Metacharacters
Some characters have a special meaning to the searcher. These characters are called metacharacters. Although they may seem confusing at first, they add a great deal of flexibility and convenience to the searcher.
The period (.) is a commonly used metacharacter. It matches exactly one character, regardless of what the character is. For example, the regular expression:
2,.-Dimethylbutane
will match "2,2-Dimethylbutane" and "2,3-Dimethylbutane". Note that the period matches exactly one character-- it will not match a string of characters, nor will it match the null string. Thus, "2,200-Dimethylbutane" and "2,-Dimenthylbutane" will not be matched by the above
regular expression. But what if you wanted to search for a string containing a period? For example, suppose we wished to search for references to pi. The following regular expression would not work:
3.14 (THIS IS WRONG!)
This would indeed match "3.14", but it would also match "3514", "3f14", or even "3+14". In short, any string of the form "3x14", where x is any character, would be matched by the regular expression above. To get around this, we introduce a second metacharacter, the backslash (\). The backslash can be used to indicate that the
character immediately to its right is to be taken literally. Thus, to search for the string "3.14", we would use:
3\.14 (This will work.)
This is called "quoting". We would say that the period in the regular expression above has been quoted. In general, whenever the backslash is placed before a metacharacter, the searcher treats the metacharacter literally rather than invoking its special meaning. (Unfortunately, the backslash is used for other things besides quoting metacharacters. Many "normal" characters take on special meanings when preceded by a backslash. The rule of thumb is, quoting a metacharacter turns it into a normal character, and quoting a normal character may turn it into a metacharacter.)
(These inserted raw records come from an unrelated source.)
lemma softmin_sign:
  fixes \<Phi> \<sigma> :: "'a \<Rightarrow> real"
  assumes K: "finite K" "S \<in> K" and gap: "\<forall>T\<in>K - {S}. g \<le> \<Phi> T - \<Phi> S" and g: "0 < g"
    and \<sigma>: "\<forall>T\<in>K. \<sigma> T = 1 \<or> \<sigma> T = -1"
  defines "\<beta> \<equiv> (ln (real (card K)) + 1) / g"
  shows "0 < \<sigma> S * (\<Sum>T\<in>K. \<sigma> T * exp (- \<beta> * \<Phi> T))"
proof -
  define r where "r = card K"
  have r: "0 < r" unfolding r_def using K card_gt_0_iff by blast
  define E where "E T = exp (- \<beta> * \<Phi> T)" for T
  have decay: "E T \<le> exp (-1) / real r * E S" if "T \<in> K - {S}" for T
  proof -
    have "\<beta> * g = ln (real r) + 1" unfolding \<beta>_def r_def using g by simp
    moreover have "0 \<le> \<beta>" unfolding \<beta>_def using g r by (simp add: r_def)
    ultimately have "ln (real r) + 1 \<le> \<beta> * (\<Phi> T - \<Phi> S)"
      using gap that by (metis mult_left_mono)
    then have "E T \<le> exp (-1 - ln (real r) + - \<beta> * \<Phi> S)"
      unfolding E_def by (simp add: algebra_simps)
    also have "\<dots> = exp (-1) / real r * E S"
      unfolding E_def using r by (simp add: exp_add exp_diff exp_minus field_simps)
    finally show ?thesis .
  qed
  have "0 < E S * (1 - real (r - 1) * exp (-1) / real r)"
  proof -
    have "real (r - 1) * exp (-1) \<le> real (r - 1)" by (simp add: mult_left_le)
    also have "\<dots> < real r" using r by simp
    finally have "real (r - 1) * exp (-1) / real r < 1" using r by simp
    then show ?thesis by (simp add: E_def)
  qed
  also have "E S * (1 - real (r - 1) * exp (-1) / real r) = E S - (\<Sum>T\<in>K - {S}. exp (-1) / real r * E S)"
    using K unfolding r_def by (simp add: algebra_simps)
  also have "\<dots> \<le> E S + (\<Sum>T\<in>K - {S}. \<sigma> S * \<sigma> T * E T)"
  proof -
    have "- (exp (-1) / real r * E S) \<le> \<sigma> S * \<sigma> T * E T" if "T \<in> K - {S}" for T
    proof -
      have "\<sigma> S = 1 \<or> \<sigma> S = -1" and "\<sigma> T = 1 \<or> \<sigma> T = -1" using \<sigma> K that by auto
      then have "- E T \<le> \<sigma> S * \<sigma> T * E T" by (auto simp: E_def)
      then show ?thesis using decay[OF that] by linarith
    qed
    then have "(\<Sum>T\<in>K - {S}. - (exp (-1) / real r * E S)) \<le> (\<Sum>T\<in>K - {S}. \<sigma> S * \<sigma> T * E T)"
      by (intro sum_mono) blast
    then show ?thesis by (simp add: sum_negf)
  qed
  also have "\<dots> = \<sigma> S * (\<Sum>T\<in>K. \<sigma> T * E T)"
    using K \<sigma> by (auto simp: sum.remove sum_distrib_left algebra_simps)
  finally show ?thesis unfolding E_def .
qed

lemma knn_rep_nearest_set:
  assumes rep: "is_kNN_rep k m f P N" and a: "a \<in> bool_cube m"
  shows "\<exists>S\<in>{S. S \<subseteq> P \<union> N \<and> card S = k}.
           (\<forall>T\<in>{S. S \<subseteq> P \<union> N \<and> card S = k} - {S}. (\<Sum>p\<in>S. sqdist m a p) < (\<Sum>p\<in>T. sqdist m a p)) \<and>
           (f a \<longleftrightarrow> real k / 2 \<le> real (card (S \<inter> P)))"
proof -
  obtain S where S: "S \<subseteq> P \<union> N" "card S = k" "f a \<longleftrightarrow> real k / 2 \<le> real (card (S \<inter> P))"
    and near: "\<forall>s\<in>S. \<forall>t\<in>(P \<union> N) - S. edist m a s < edist m a t"
    using rep a unfolding is_kNN_rep_def by blast
  have "finite (P \<union> N)" using rep unfolding is_kNN_rep_def by simp
  moreover have "\<forall>s\<in>S. \<forall>t\<in>(P \<union> N) - S. sqdist m a s < sqdist m a t"
    using near by (simp add: edist_eq_sqrt_sqdist)
  ultimately have "(\<Sum>p\<in>S. sqdist m a p) < (\<Sum>p\<in>T. sqdist m a p)"
    if "T \<in> {S. S \<subseteq> P \<union> N \<and> card S = k} - {S}" for T
    using S that by (intro sum_less_of_nearest[of "P \<union> N"]) auto
  then show ?thesis using S by blast
qed

lemma finite_positive_lower_bound:
  fixes f :: "'a \<Rightarrow> real"
  assumes "finite A" and "\<forall>x\<in>A. 0 < f x"
  obtains g where "0 < g" and "\<forall>x\<in>A. g \<le> f x"
proof
  show "0 < Min (insert 1 (f ` A))" and "\<forall>x\<in>A. Min (insert 1 (f ` A)) \<le> f x"
    using assms by simp_all
qed

lemma bool_cube_finite: "finite (bool_cube m)"
proof (rule finite_subset)
  show "bool_cube m \<subseteq> (\<lambda>S i. of_bool (i \<in> S)) ` Pow {0..<m}"
  proof
    fix a assume a: "a \<in> bool_cube m"
    have "a = (\<lambda>i. of_bool (i \<in> {i. i < m \<and> a i = 1}))"
    proof
      fix i show "a i = of_bool (i \<in> {i. i < m \<and> a i = 1})"
        using a unfolding bool_cube_def by (cases "i < m") auto
    qed
    then show "a \<in> (\<lambda>S i. of_bool (i \<in> S)) ` Pow {0..<m}"
      by (intro image_eqI[of _ _ "{i. i < m \<and> a i = 1}"]) auto
  qed
qed simp

lemma knn_rep_uniform_gap:
  assumes rep: "is_kNN_rep k m f P N"
  defines "K \<equiv> {S. S \<subseteq> P \<union> N \<and> card S = k}"
  obtains W \<gamma> where "0 < \<gamma>" and "\<forall>a\<in>bool_cube m. W a \<in> K \<and>
      (\<forall>T\<in>K - {W a}. \<gamma> \<le> (\<Sum>p\<in>T. sqdist m a p) - (\<Sum>p\<in>W a. sqdist m a p)) \<and>
      (f a \<longleftrightarrow> real k / 2 \<le> real (card (W a \<inter> P)))"
proof -
  define \<Phi> where "\<Phi> a T = (\<Sum>p\<in>T. sqdist m a p)" for a T
  have "\<forall>a\<in>bool_cube m. \<exists>S. S \<in> K \<and> (\<forall>T\<in>K - {S}. \<Phi> a S < \<Phi> a T) \<and>
      (f a \<longleftrightarrow> real k / 2 \<le> real (card (S \<inter> P)))"
    using knn_rep_nearest_set[OF rep] unfolding K_def \<Phi>_def by blast
  from bchoice[OF this] obtain W where W: "\<forall>a\<in>bool_cube m. W a \<in> K \<and>
      (\<forall>T\<in>K - {W a}. \<Phi> a (W a) < \<Phi> a T) \<and> (f a \<longleftrightarrow> real k / 2 \<le> real (card (W a \<inter> P)))"
    by blast
  have "finite K" using rep unfolding is_kNN_rep_def K_def by simp
  then have "finite (Sigma (bool_cube m) (\<lambda>a. K - {W a}))" using bool_cube_finite by auto
  moreover have "\<forall>x\<in>Sigma (bool_cube m) (\<lambda>a. K - {W a}). 0 < (\<lambda>(a, T). \<Phi> a T - \<Phi> a (W a)) x"
    using W by auto
  ultimately obtain \<gamma> where "0 < \<gamma>"
    and "\<forall>x\<in>Sigma (bool_cube m) (\<lambda>a. K - {W a}). \<gamma> \<le> (\<lambda>(a, T). \<Phi> a T - \<Phi> a (W a)) x"
    by (rule finite_positive_lower_bound)
  then have gap: "\<forall>a\<in>bool_cube m. \<forall>T\<in>K - {W a}. \<gamma> \<le> \<Phi> a T - \<Phi> a (W a)" by fastforce
  show ?thesis
    by (rule that[of \<gamma> W, OF \<open>0 < \<gamma>\<close>]) (use W gap in \<open>simp add: \<Phi>_def\<close>)
qed

definition half_weight :: "real \<Rightarrow> nat \<Rightarrow> nat \<Rightarrow> nat set \<Rightarrow> (nat \<Rightarrow> real) set \<Rightarrow> real" where
  "half_weight \<beta> n d S T = (\<Prod>p\<in>T. exp (- (\<beta> * (\<Sum>i<n. (of_bool (i \<in> S) - p (d + i))^2))))"

lemma exp_sqdist_cube_point:
  assumes "finite T"
  shows "exp (- (\<beta> * (\<Sum>p\<in>T. sqdist (2 * n) (cube_point n S S') p)))
     = half_weight \<beta> n 0 S T * half_weight \<beta> n n S' T"
proof -
  have "exp (- (\<beta> * (\<Sum>p\<in>T. sqdist (2 * n) (cube_point n S S') p)))
      = (\<Prod>p\<in>T. exp (- (\<beta> * sqdist (2 * n) (cube_point n S S') p)))"
    using assms by (simp add: exp_sum sum_distrib_left sum_negf[symmetric])
  also have "\<dots> = (\<Prod>p\<in>T. exp (- (\<beta> * (\<Sum>i<n. (of_bool (i \<in> S) - p (0 + i))^2)))
                        * exp (- (\<beta> * (\<Sum>i<n. (of_bool (i \<in> S') - p (n + i))^2))))"
    by (intro prod.cong refl) (simp only: sqdist_cube_point add_0 distrib_left minus_add_distrib exp_add)
  finally show ?thesis unfolding half_weight_def by (simp only: prod.distrib)
qed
Let's look at some more common metacharacters. We consider first the question mark (?). The question mark indicates that the
character immediately preceding it either zero times or one time. Thus
m?ethane
would match either "ethane" or "methane". Similarly,
comm?a
would match either "coma" or "comma".
Another metacharacter is the star (*). This
indicates that the character immediately to its left may be repeated any
number of times, including zero. Thus
ab*c
would match "ac", "abc", "abbc", "abbbc",
"abbbbbbbbc", and any string that starts with an
"a", is followed by a sequence of "b"'s, and ends
with a "c".
The plus (+) metacharacter indicates that
the character immediately preceding it may be repeated one or more
times. It is just like the star metacharacter, except it doesn't match
the null string. Thus
ab+c
would not match "ac", but it would match
"abc", "abbc", "abbbc", "abbbbbbbbc"
and so on.
Metacharacters may be combined. A common combination includes the
period and star metacharacters, with the star immediately following the
period. This is used to match an arbitrary string of any length,
including the null string. For example:
cyclo.*ane
would match "cyclodecane", "cyclohexane" and even
"cyclones drive me insane." Any string that starts with "cyclo",
is followed by an arbitrary string, and ends with "ane" will
be matched. Note that the null string will be matched by the period-star
pair; thus, "cycloane" would be matche by the above
expression.
If you wanted to search for articles on cyclodecane and cyclohexane,
but didn't want to match articles about how cyclones drive one insane,
you could string together three periods, as follows:
cyclo...ane
This would match "cyclodecane" and "cyclohexane",
but would not match "cyclones drive me insane." Only strings
eleven characters long which start with "cyclo" and end with
"ane" will be matched. (Note that "cyclopentane"
would not be matched, however, since cyclopentane has twelve characters,
not eleven.)
Here are some more examples. These involve the backslash. Note that
the placement of backslash is important.
a\.*z
- Matches any string starting with "a", followed by a
series of periods (including the "series" of length zero),
and terminated by "z". Thus, "az", "a.z",
"a..z", "a...z" and so forth are all matched.
a.\*z
- (Note that the backslash and period are reversed in this regular
expression.)
Matches any string starting with an "a", followed by
one arbitrary character, and terminated with "*z". Thus,
"ag*z", "a5*z" and "a@*z" are all
matched. Only strings of length four, where the first character is
"a", the third "*", and the fourth
"z", are matched.
a\++z
- Matches any string starting with "a", followed by a
series of plus signs, and terminated by "z". There must be
at least one plus sign between the "a" and the
"z". Thus, "az" is not matched, but
"a+z", "a++z", "a+++z", etc. will be
matched.
a\+\+z
- Matches only the string "a++z".
a+\+z
- Matches any string starting with a series of "a"'s,
followed by a single plus sign and ending with a "z".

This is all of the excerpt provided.